> Aim of the task
Once you have located the line containing "unfolding Gcdf_def emeasure_Gmeas_atMost[OF" in the material below, return it exactly along with each line after it through the line containing "enn2real (\<integral>\<^sup>+y. ennreal (y".

> Available records
lemma Gcdf_antimono:
  assumes "0 < Rv" "0 < cr" "0 \<le> x1" "x1 \<le> x2"
  shows "Gcdf cr Rv u x2 \<le> Gcdf cr Rv u x1"
    and "x1 < x2 \<Longrightarrow> 0 < u \<Longrightarrow> Gcdf cr Rv u x2 < Gcdf cr Rv u x1"
proof -
  interpret G1: prob_space "Gmeas cr Rv x1" using assms(1) by (rule prob_space_Gmeas)
  interpret G2: prob_space "Gmeas cr Rv x2" using assms(1) by (rule prob_space_Gmeas)
  let ?g = "\<lambda>x t. ennreal (cgauss_coord Rv t) * Gcdf_given_Im Rv u (sqrt (cr * x)) t"
  have a: "0 \<le> sqrt (cr * x1)" "sqrt (cr * x1) \<le> sqrt (cr * x2)"
    using assms by (auto intro!: mult_left_mono)
  have le: "?g x2 t \<le> ?g x1 t" for t
    by (intro mult_left_mono Gcdf_given_Im_antimono(1)[OF assms(1) a]) auto
  then have "emeasure (Gmeas cr Rv x2) {..u} \<le> emeasure (Gmeas cr Rv x1) {..u}"
    unfolding emeasure_Gmeas_atMost[OF assms(1)] by (intro nn_integral_mono)
  then show "Gcdf cr Rv u x2 \<le> Gcdf cr Rv u x1"
    unfolding Gcdf_def by (simp add: G1.emeasure_eq_measure G2.emeasure_eq_measure)
  assume lt: "x1 < x2" "0 < u"
  have "(\<integral>\<^sup>+t. ?g x2 t \<partial>lborel) < (\<integral>\<^sup>+t. ?g x1 t \<partial>lborel)"
  proof (rule nn_integral_less)
    show "(\<integral>\<^sup>+t. ?g x2 t \<partial>lborel) \<noteq> \<infinity>"
      using G2.emeasure_finite[of "{..u}"] by (simp add: emeasure_Gmeas_atMost[OF assms(1)] infinity_ennreal_def)
    show "\<not> (AE t in lborel. ?g x1 t \<le> ?g x2 t)"
    proof (rule not_AE_lborel_interval)
      fix t assume "- sqrt u < t" "t < sqrt u"
      then have "sqrt (t\<^sup>2) < sqrt u"
        by auto
      then have "t\<^sup>2 < u"
        by (simp only: real_sqrt_less_iff)
      then have "Gcdf_given_Im Rv u (sqrt (cr * x2)) t < Gcdf_given_Im Rv u (sqrt (cr * x1)) t"
        using assms lt by (intro Gcdf_given_Im_antimono(2)[OF assms(1) a]) auto
      then show "\<not> ?g x1 t \<le> ?g x2 t"
        using normal_density_pos[of "sqrt (Rv / 2)" 0 t] assms(1)
        by (auto simp: not_le ennreal_mult_strict_left_mono)
    qed (use lt in simp)
  qed (use le in auto)
  then show "Gcdf cr Rv u x2 < Gcdf cr Rv u x1"
    unfolding Gcdf_def emeasure_Gmeas_atMost[OF assms(1), symmetric]
    by (simp add: G1.emeasure_eq_measure G2.emeasure_eq_measure ennreal_less_iff)
qed

section \<open>Partial moments\<close>

definition upper_partial_moment :: "real measure \<Rightarrow> real \<Rightarrow> real" where
  "upper_partial_moment M \<theta> = enn2real (\<integral>\<^sup>+y. ennreal (y - \<theta>) \<partial>M)"

definition lower_partial_moment :: "real measure \<Rightarrow> real \<Rightarrow> real" where
  "lower_partial_moment M \<theta> = enn2real (\<integral>\<^sup>+y. ennreal (\<theta> - y) \<partial>M)"

lemma upper_partial_moment_nonneg [simp]: "0 \<le> upper_partial_moment M \<theta>"
  by (simp add: upper_partial_moment_def)

lemma lower_partial_moment_nonneg [simp]: "0 \<le> lower_partial_moment M \<theta>"
  by (simp add: lower_partial_moment_def)

lemma nn_integral_pos_part_layer_cake:
  fixes M :: "real measure"
  assumes "sigma_finite_measure M" and sets_eq [measurable_cong]: "sets M = sets borel"
  shows "(\<integral>\<^sup>+y. ennreal (y - \<theta>) \<partial>M) = (\<integral>\<^sup>+u. indicator {\<theta>..} u * emeasure M {u<..} \<partial>lborel)"
proof -
  interpret sigma_finite_measure M by fact
  interpret P: pair_sigma_finite lborel M ..
  have "(\<lambda>(u, y). indicator {\<theta>..} u * indicator {u<..} y :: ennreal) \<in> borel_measurable (lborel \<Otimes>\<^sub>M M)"
    by (simp add: indicator_def case_prod_beta')
  then have "(\<integral>\<^sup>+u. \<integral>\<^sup>+y. indicator {\<theta>..} u * indicator {u<..} y \<partial>M \<partial>lborel)
      = (\<integral>\<^sup>+y. \<integral>\<^sup>+u. indicator {\<theta>..} u * indicator {u<..} y \<partial>lborel \<partial>M)"
    by (rule P.Fubini[symmetric, where f = "\<lambda>(u, y). indicator {\<theta>..} u * indicator {u<..} y", simplified])
  moreover have "(\<integral>\<^sup>+u. indicator {\<theta>..} u * indicator {u<..} y \<partial>lborel) = ennreal (y - \<theta>)" for y
  proof -
    have "(\<integral>\<^sup>+u. indicator {\<theta>..} u * indicator {u<..} y \<partial>lborel) = (\<integral>\<^sup>+u. indicator {\<theta>..<y} u \<partial>lborel)"
      by (intro nn_integral_cong) (auto simp: indicator_def)
    then show ?thesis
      by (cases "\<theta> \<le> y") (auto simp: ennreal_neg)
  qed
  ultimately show ?thesis
    by (simp add: nn_integral_cmult sets_eq)
qed

lemma nn_integral_neg_part_layer_cake:
  fixes M :: "real measure"
  assumes "sigma_finite_measure M" and sets_eq [measurable_cong]: "sets M = sets borel"
    and AE_nonneg: "AE y in M. 0 \<le> y"
  shows "(\<integral>\<^sup>+y. ennreal (\<theta> - y) \<partial>M) = (\<integral>\<^sup>+u. indicator {0..\<theta>} u * emeasure M {..u} \<partial>lborel)"
proof -
  interpret sigma_finite_measure M by fact
  interpret P: pair_sigma_finite lborel M ..
  have inner: "(\<integral>\<^sup>+u. indicator {0..\<theta>} u * indicator {..u} y \<partial>lborel) = ennreal (\<theta> - y)" if "0 \<le> y" for y
  proof -
    have "(\<integral>\<^sup>+u. indicator {0..\<theta>} u * indicator {..u} y \<partial>lborel) = (\<integral>\<^sup>+u. indicator {y..\<theta>} u \<partial>lborel)"
      using that by (intro nn_integral_cong) (auto simp: indicator_def)
    then show ?thesis
      by (cases "y \<le> \<theta>") (auto simp: ennreal_neg)
  qed
  have "(\<lambda>(u, y). indicator {0..\<theta>} u * indicator {..u} y :: ennreal) \<in> borel_measurable (lborel \<Otimes>\<^sub>M M)"
    by (simp add: indicator_def case_prod_beta')
  then have "(\<integral>\<^sup>+u. \<integral>\<^sup>+y. indicator {0..\<theta>} u * indicator {..u} y \<partial>M \<partial>lborel)
      = (\<integral>\<^sup>+y. \<integral>\<^sup>+u. indicator {0..\<theta>} u * indicator {..u} y \<partial>lborel \<partial>M)"
    by (rule P.Fubini[symmetric, where f = "\<lambda>(u, y). indicator {0..\<theta>} u * indicator {..u} y", simplified])
  also have "\<dots> = (\<integral>\<^sup>+y. ennreal (\<theta> - y) \<partial>M)"
    using AE_nonneg by (intro nn_integral_cong_AE) (auto elim!: eventually_mono simp: inner)
  finally show ?thesis
    by (simp add: nn_integral_cmult sets_eq)
qed

locale nonneg_real_distribution = prob_space M for M :: "real measure" +
  fixes mean :: real
  assumes sets_eq [measurable_cong]: "sets M = sets borel"
    and AE_nonneg: "AE y in M. 0 \<le> y"
    and nn_integral_id: "(\<integral>\<^sup>+y. ennreal y \<partial>M) = ennreal mean"
    and mean_nonneg: "0 \<le> mean"
begin

lemma nn_integral_pos_part_eq:
  assumes "0 \<le> \<theta>"
  shows "(\<integral>\<^sup>+y. ennreal (y - \<theta>) \<partial>M) = ennreal (upper_partial_moment M \<theta>)"
proof -
  have "(\<integral>\<^sup>+y. ennreal (y - \<theta>) \<partial>M) \<le> (\<integral>\<^sup>+y. ennreal y \<partial>M)"
    using assms by (intro nn_integral_mono ennreal_leI) auto
  then have "(\<integral>\<^sup>+y. ennreal (y - \<theta>) \<partial>M) < top"
    using ennreal_less_top order.strict_trans1 by (metis nn_integral_id)
  then show ?thesis
    by (simp add: upper_partial_moment_def ennreal_enn2real_if)
qed

lemma nn_integral_neg_part_eq:
  "(\<integral>\<^sup>+y. ennreal (\<theta> - y) \<partial>M) = ennreal (lower_partial_moment M \<theta>)"
proof -
  have "(\<integral>\<^sup>+y. ennreal (\<theta> - y) \<partial>M) \<le> (\<integral>\<^sup>+y. ennreal \<theta> \<partial>M)"
    using AE_nonneg by (intro nn_integral_mono_AE) (auto elim!: eventually_mono intro: ennreal_leI)
  then have "(\<integral>\<^sup>+y. ennreal (\<theta> - y) \<partial>M) < top"
    using ennreal_less_top order.strict_trans1 by (metis nn_integral_const emeasure_space_1 mult_1_right)
  then show ?thesis
    by (simp add: lower_partial_moment_def ennreal_enn2real_if)
qed

lemma upper_partial_moment_le_mean:
  assumes "0 \<le> \<theta>"
  shows "upper_partial_moment M \<theta> \<le> mean"
proof -
  have "(\<integral>\<^sup>+y. ennreal (y - \<theta>) \<partial>M) \<le> (\<integral>\<^sup>+y. ennreal y \<partial>M)"
    using assms by (intro nn_integral_mono ennreal_leI) auto
  then have "ennreal (upper_partial_moment M \<theta>) \<le> ennreal mean"
    using assms by (simp add: nn_integral_pos_part_eq nn_integral_id)
  then show ?thesis
    using mean_nonneg by simp
qed

text \<open>Put-call parity: \<open>(y - \<theta>)\<^sup>+ + \<theta> = (\<theta> - y)\<^sup>+ + y\<close> for \<open>y \<ge> 0\<close>.\<close>

lemma upper_partial_moment_parity:
  assumes "0 \<le> \<theta>"
  shows "upper_partial_moment M \<theta> + \<theta> = lower_partial_moment M \<theta> + mean"
proof -
  have "ennreal (y - \<theta>) + ennreal \<theta> = ennreal (\<theta> - y) + ennreal y" if "0 \<le> y" for y
    using assms that by (cases "\<theta> \<le> y") (simp_all add: ennreal_neg ennreal_plus[symmetric] del: ennreal_plus)
  then have "(\<integral>\<^sup>+y. ennreal (y - \<theta>) + ennreal \<theta> \<partial>M) = (\<integral>\<^sup>+y. ennreal (\<theta> - y) + ennreal y \<partial>M)"
    using AE_nonneg by (intro nn_integral_cong_AE) (auto elim!: eventually_mono)
  then have "ennreal (upper_partial_moment M \<theta>) + ennreal \<theta> = ennreal (lower_partial_moment M \<theta>) + ennreal mean"
    using assms
    by (simp add: nn_integral_add emeasure_space_1 nn_integral_pos_part_eq nn_integral_neg_part_eq nn_integral_id)
  then show ?thesis
    using assms mean_nonneg by (simp add: ennreal_plus[symmetric] del: ennreal_plus)
qed

lemma lower_partial_moment_mono:
  assumes "\<theta>1 \<le> \<theta>2"
  shows "lower_partial_moment M \<theta>1 \<le> lower_partial_moment M \<theta>2"
proof -
  have "(\<integral>\<^sup>+y. ennreal (\<theta>1 - y) \<partial>M) \<le> (\<integral>\<^sup>+y. ennreal (\<theta>2 - y) \<partial>M)"
    using assms by (intro nn_integral_mono ennreal_leI) auto
  then show ?thesis
    by (simp add: nn_integral_neg_part_eq)
qed

lemma upper_partial_moment_antimono:
  assumes "0 \<le> \<theta>1" "\<theta>1 \<le> \<theta>2"
  shows "upper_partial_moment M \<theta>2 \<le> upper_partial_moment M \<theta>1"
proof -
  have "(\<integral>\<^sup>+y. ennreal (y - \<theta>2) \<partial>M) \<le> (\<integral>\<^sup>+y. ennreal (y - \<theta>1) \<partial>M)"
    using assms by (intro nn_integral_mono ennreal_leI) auto
  then show ?thesis
    using assms by (simp add: nn_integral_pos_part_eq)
qed

end

lemma nonneg_real_distribution_Gmeas:
  assumes "0 < Rv" "0 \<le> cr" "0 \<le> x"
  shows "nonneg_real_distribution (Gmeas cr Rv x) (cr * x + Rv)"
proof -
  interpret prob_space "Gmeas cr Rv x"
    using assms(1) by (rule prob_space_Gmeas)
  show ?thesis
    using assms by unfold_locales (simp_all add: AE_Gmeas_nonneg nn_integral_Gmeas_id)
qed

lemma Gcdf_measurable [measurable]:
  assumes "0 < Rv" shows "(\<lambda>u. Gcdf cr Rv u x) \<in> borel_measurable borel"
proof (rule borel_measurable_mono, rule monoI)
  interpret prob_space "Gmeas cr Rv x"
    using assms by (rule prob_space_Gmeas)
  show "Gcdf cr Rv u x \<le> Gcdf cr Rv v x" if "u \<le> v" for u v
    unfolding Gcdf_def using that by (intro finite_measure_mono) auto
qed

lemma ennreal_Gcdf:
  assumes "0 < Rv"
  shows "ennreal (Gcdf cr Rv u x) = emeasure (Gmeas cr Rv x) {..u}"
proof -
  interpret prob_space "Gmeas cr Rv x"
    using assms by (rule prob_space_Gmeas)
  show ?thesis
    by (simp add: Gcdf_def emeasure_eq_measure)
qed

lemma ennreal_one_minus_Gcdf:
  assumes "0 < Rv"
  shows "ennreal (1 - Gcdf cr Rv u x) = emeasure (Gmeas cr Rv x) {u<..}"
proof -
  interpret prob_space "Gmeas cr Rv x"
    using assms by (rule prob_space_Gmeas)
  have "1 - Gcdf cr Rv u x = measure (Gmeas cr Rv x) (space (Gmeas cr Rv x) - {..u})"
    unfolding Gcdf_def by (subst prob_compl) auto
  also have "space (Gmeas cr Rv x) - {..u} = {u<..}"
    by (auto simp: Gmeas_def)
  finally show ?thesis
    by (simp add: emeasure_eq_measure)
qed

> Result of this task
    unfolding Gcdf_def emeasure_Gmeas_atMost[OF assms(1), symmetric]
    by (simp add: G1.emeasure_eq_measure G2.emeasure_eq_measure ennreal_less_iff)
qed

section \<open>Partial moments\<close>

definition upper_partial_moment :: "real measure \<Rightarrow> real \<Rightarrow> real" where
  "upper_partial_moment M \<theta> = enn2real (\<integral>\<^sup>+y. ennreal (y - \<theta>) \<partial>M)"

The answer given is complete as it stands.